If you’ve ever wondered how a database can let you run a massive analytics query while simultaneously processing thousands of user updates, without the whole system grinding to a halt, the answer lies in a concept called MVCC (Multi-Version Concurrency Control).

In this deep dive, we’re going to step away from the abstract theory and look at the actual bytes on the disk. We will explore how PostgreSQL implements this "time travel" feature using hidden columns, how updates are actually inserts in disguise, and why your database needs a garbage collector.

The Concept: Snapshots over Locks

In older database systems, ensuring data consistency often meant locking. If User A is editing a row, User B has to wait to read it. PostgreSQL takes a different approach.

Instead of updating data in place, Postgres treats data as immutable versions. When you "update" a row, you aren't overwriting the old data; you are creating a specific version of that row valid for a specific timeframe.

Transaction A sees the database state as it existed at the start of its transaction.
Transaction B sees the state as it exists after updates.

Both exist simultaneously. This is MVCC.

The Hidden Architecture

To make this work, PostgreSQL quietly appends several system columns to every single row you create. You usually don't see them, but they are the engine behind the magic.

Let's uncover them.

Setting up the Laboratory

We'll use a fresh scenario: an Airline Reservation System. We need to track seats on a flight.

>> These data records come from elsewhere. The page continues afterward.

(* For every $n\ge1$, $$u_{2n}(a)\,a^{2n}=\sum_{k=0}^\infty(-1)^k\frac{A_k[n]}{a^{2k}},$$ where the series converges absolutely for $|a|>n$.
   Context: The rational functions $u_{2n}(a)$: $(a^2+1)u_2=1$ and for $n\ge2$: $(a^2+n^2)u_{2n}=3u_{2(n-1)}+3\sum_{j_1+j_2=n-1}u_{2j_1}u_{2j_2}+\sum_{j_1+j_2+j_3=n-1}u_{2j_1}u_{2j_2}u_{2j_3}-\sum_{1\le j_1,\,2j_1<n}(n-2j_1)^2u_{2j_1}u_{2(n-j_1)}$, all indices $j_i\ge1$. $A_0(z)$ is the unique function holomorphic near $0$ with $A_0(0)=0$ and $z(1+A_0)^3=A_0$; $(A_k)_{k\ge0}$ is the unique sequence of functions holomorphic in $|z|<4/27$ such that $\sum_kA_k(z)a^{-2k}$ formally solves $a^2(z(1+A)^3-A)=(1+A)\delta_z^2A-(\delta_zA)^2$, $\delta_z=z\,d/dz$. The numbers $A_k[n]$ are defined by $A_k(z)=(-1)^k\sum_{n\ge1}A_k[n]z^n$. *)

theory Defs
  imports "HOL-Analysis.Analysis"
begin

text \<open>The rational functions u_{2n}(a), indexed here by n (so u n a = u_{2n}(a)).
  The value at n = 0 is never used (all indices in the recursion are at least 1).\<close>
function u :: "nat \<Rightarrow> complex \<Rightarrow> complex" where
  "u 0 a = 0"
| "u (Suc 0) a = 1 / (a^2 + 1)"
| "u (Suc (Suc m)) a =
     (let n = Suc (Suc m) in
      (3 * u (n - 1) a
       + 3 * (\<Sum>(j1, j2) \<in> {(j1, j2). 1 \<le> j1 \<and> 1 \<le> j2 \<and> j1 + j2 = n - 1}. u j1 a * u j2 a)
       + (\<Sum>(j1, j2, j3) \<in> {(j1, j2, j3). 1 \<le> j1 \<and> 1 \<le> j2 \<and> 1 \<le> j3 \<and> j1 + j2 + j3 = n - 1}.
            u j1 a * u j2 a * u j3 a)
       - (\<Sum>j1 \<in> {j1. 1 \<le> j1 \<and> 2 * j1 < n}. (of_nat (n - 2 * j1))^2 * u j1 a * u (n - j1) a))
      / (a^2 + (of_nat n)^2))"
  by pat_completeness auto
termination
  by (relation "Wellfounded.measure fst") (auto simp: Let_def)

definition delta :: "(complex \<Rightarrow> complex) \<Rightarrow> complex \<Rightarrow> complex" where
  "delta f z = z * deriv f z"

text \<open>B k = coefficient of a^{-2k} in 1 + A, i.e. 1 + A_0 for k = 0 and A_k otherwise.\<close>
definition Bcoef :: "(nat \<Rightarrow> complex \<Rightarrow> complex) \<Rightarrow> nat \<Rightarrow> complex \<Rightarrow> complex" where
  "Bcoef A k z = (if k = 0 then 1 + A 0 z else A k z)"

First, create the environment (assuming you have a Postgres instance running):

CREATE DATABASE flight_systems;
\\c flight_systems
CREATE EXTENSION pageinspect; -- We need this to see the raw bits later

Now, create a simple table for seat assignments.

CREATE TABLE seats (
    seat_no TEXT PRIMARY KEY,
    class TEXT,
    price INT
);

INSERT INTO seats (seat_no, class, price) VALUES
('1A', 'First', 1000),
('1B', 'First', 1000),
('10C', 'Economy', 200);